*Task requirements*
The number of lines below containing the word "proof" is all that should be returned.

*Source records*
=-=-=-=-=
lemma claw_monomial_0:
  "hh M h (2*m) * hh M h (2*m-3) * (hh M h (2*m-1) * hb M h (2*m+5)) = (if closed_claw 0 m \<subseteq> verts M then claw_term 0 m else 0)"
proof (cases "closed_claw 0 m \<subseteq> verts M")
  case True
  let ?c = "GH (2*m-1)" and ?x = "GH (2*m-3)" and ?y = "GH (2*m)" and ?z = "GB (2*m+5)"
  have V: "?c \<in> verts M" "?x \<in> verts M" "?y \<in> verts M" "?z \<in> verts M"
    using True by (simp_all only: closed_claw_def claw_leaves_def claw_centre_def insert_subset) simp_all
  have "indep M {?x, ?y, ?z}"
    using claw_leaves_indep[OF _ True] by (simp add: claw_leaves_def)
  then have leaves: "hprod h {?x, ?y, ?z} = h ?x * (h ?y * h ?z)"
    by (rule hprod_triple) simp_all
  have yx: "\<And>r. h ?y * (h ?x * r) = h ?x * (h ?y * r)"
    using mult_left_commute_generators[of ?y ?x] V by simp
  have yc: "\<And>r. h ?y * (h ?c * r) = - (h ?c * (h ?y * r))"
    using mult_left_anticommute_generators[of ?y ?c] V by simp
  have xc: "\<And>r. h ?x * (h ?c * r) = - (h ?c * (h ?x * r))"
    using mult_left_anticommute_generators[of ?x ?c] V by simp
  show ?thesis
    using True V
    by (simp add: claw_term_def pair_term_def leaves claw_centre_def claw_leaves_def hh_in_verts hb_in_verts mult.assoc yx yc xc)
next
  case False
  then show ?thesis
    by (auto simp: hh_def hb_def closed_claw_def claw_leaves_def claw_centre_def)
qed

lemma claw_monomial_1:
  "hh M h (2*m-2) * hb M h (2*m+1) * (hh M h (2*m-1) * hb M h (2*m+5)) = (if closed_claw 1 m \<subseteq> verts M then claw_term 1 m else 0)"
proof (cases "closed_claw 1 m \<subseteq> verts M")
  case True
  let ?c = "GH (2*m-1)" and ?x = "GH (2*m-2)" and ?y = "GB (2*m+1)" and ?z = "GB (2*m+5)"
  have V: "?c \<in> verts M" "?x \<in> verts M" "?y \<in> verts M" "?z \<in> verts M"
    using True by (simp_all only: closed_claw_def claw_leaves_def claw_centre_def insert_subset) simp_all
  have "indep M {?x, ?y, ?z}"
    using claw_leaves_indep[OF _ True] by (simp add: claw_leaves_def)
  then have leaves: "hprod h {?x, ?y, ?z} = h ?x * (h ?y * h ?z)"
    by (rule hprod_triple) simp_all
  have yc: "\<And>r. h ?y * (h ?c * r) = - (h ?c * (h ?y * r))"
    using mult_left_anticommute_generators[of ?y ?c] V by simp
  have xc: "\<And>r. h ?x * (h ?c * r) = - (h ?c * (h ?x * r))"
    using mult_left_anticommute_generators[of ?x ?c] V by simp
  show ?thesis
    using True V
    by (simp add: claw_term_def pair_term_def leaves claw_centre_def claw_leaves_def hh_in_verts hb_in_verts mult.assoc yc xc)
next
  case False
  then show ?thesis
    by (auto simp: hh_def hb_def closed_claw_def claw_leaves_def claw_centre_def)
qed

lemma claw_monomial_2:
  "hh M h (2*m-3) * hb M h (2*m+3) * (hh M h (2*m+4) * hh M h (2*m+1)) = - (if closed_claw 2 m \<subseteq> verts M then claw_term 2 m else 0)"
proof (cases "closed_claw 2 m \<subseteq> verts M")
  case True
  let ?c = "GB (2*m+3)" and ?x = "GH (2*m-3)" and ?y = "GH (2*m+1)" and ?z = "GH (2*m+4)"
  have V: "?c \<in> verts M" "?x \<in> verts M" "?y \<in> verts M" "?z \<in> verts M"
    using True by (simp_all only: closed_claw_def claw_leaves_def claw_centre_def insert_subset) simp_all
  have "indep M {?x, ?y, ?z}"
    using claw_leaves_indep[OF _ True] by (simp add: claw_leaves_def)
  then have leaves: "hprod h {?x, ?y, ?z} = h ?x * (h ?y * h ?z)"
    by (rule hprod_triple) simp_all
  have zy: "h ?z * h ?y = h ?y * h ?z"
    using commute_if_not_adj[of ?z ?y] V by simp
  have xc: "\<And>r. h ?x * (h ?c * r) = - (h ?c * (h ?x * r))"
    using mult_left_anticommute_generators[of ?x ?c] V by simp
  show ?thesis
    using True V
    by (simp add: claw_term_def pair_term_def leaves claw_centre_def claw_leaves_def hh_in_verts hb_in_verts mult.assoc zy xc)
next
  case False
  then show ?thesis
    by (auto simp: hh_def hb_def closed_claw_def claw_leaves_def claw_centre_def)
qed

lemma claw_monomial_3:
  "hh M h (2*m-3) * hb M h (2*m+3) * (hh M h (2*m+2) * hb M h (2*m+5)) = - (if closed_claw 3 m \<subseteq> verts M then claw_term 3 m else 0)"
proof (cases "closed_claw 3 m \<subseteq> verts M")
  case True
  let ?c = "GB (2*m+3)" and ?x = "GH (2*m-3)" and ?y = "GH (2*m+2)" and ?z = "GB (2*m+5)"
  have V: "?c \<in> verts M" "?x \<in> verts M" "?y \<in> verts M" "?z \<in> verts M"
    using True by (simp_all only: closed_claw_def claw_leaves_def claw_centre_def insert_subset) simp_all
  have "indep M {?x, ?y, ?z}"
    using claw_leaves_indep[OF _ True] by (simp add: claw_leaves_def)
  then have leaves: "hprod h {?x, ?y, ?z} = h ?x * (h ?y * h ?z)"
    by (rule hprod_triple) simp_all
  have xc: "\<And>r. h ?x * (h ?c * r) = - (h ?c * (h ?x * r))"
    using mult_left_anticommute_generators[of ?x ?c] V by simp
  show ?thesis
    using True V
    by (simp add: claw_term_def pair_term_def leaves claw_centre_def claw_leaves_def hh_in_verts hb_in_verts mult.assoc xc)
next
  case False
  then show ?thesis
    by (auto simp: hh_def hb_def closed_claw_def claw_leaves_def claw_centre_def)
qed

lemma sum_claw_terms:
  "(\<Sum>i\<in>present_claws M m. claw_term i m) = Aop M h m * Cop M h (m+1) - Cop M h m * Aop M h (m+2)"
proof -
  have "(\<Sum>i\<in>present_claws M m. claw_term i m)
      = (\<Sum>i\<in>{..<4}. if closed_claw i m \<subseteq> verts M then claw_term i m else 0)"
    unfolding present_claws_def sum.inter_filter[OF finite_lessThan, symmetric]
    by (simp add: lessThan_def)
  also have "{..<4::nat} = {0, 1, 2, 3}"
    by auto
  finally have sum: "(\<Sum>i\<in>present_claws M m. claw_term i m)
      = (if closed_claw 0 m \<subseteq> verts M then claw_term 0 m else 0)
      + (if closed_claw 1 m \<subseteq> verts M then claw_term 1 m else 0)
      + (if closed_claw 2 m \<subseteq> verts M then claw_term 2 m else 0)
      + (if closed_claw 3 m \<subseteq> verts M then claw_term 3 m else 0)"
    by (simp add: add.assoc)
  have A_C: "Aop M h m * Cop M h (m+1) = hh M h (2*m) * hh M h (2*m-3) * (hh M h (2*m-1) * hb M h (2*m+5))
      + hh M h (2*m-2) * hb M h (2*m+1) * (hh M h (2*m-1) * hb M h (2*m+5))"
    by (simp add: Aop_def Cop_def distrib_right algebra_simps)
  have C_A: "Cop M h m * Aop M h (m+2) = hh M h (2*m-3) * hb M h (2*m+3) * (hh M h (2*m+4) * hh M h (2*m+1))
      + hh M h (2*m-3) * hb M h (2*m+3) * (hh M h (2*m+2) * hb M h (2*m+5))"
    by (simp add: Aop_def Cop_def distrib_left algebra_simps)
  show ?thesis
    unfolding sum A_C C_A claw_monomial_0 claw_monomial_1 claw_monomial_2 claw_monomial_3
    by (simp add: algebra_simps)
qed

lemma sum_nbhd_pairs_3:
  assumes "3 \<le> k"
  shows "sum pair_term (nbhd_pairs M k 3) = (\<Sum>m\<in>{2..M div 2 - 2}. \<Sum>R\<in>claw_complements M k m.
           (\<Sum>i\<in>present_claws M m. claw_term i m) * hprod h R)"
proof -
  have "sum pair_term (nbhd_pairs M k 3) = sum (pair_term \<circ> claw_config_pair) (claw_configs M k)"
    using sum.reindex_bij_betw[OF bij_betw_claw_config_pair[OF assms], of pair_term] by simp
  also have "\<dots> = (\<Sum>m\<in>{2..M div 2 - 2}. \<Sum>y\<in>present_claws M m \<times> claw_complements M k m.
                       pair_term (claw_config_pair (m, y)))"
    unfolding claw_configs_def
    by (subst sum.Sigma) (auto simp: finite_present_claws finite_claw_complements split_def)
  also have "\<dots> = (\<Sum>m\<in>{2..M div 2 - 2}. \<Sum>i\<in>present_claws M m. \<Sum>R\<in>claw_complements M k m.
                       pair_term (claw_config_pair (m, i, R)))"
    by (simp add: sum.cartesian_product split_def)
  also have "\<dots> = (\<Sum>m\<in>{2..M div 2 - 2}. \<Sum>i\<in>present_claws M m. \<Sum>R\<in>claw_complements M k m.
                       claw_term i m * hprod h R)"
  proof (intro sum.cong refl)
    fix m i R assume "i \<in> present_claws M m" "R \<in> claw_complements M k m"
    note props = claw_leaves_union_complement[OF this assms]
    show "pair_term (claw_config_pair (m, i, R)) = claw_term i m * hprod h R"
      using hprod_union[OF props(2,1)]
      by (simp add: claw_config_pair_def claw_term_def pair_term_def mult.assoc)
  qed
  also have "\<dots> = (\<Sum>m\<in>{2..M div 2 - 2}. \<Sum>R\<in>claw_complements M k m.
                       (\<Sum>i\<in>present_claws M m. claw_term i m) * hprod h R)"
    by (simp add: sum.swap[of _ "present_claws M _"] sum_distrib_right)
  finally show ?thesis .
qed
=-=-=-=-=
*Answer to this problem*
7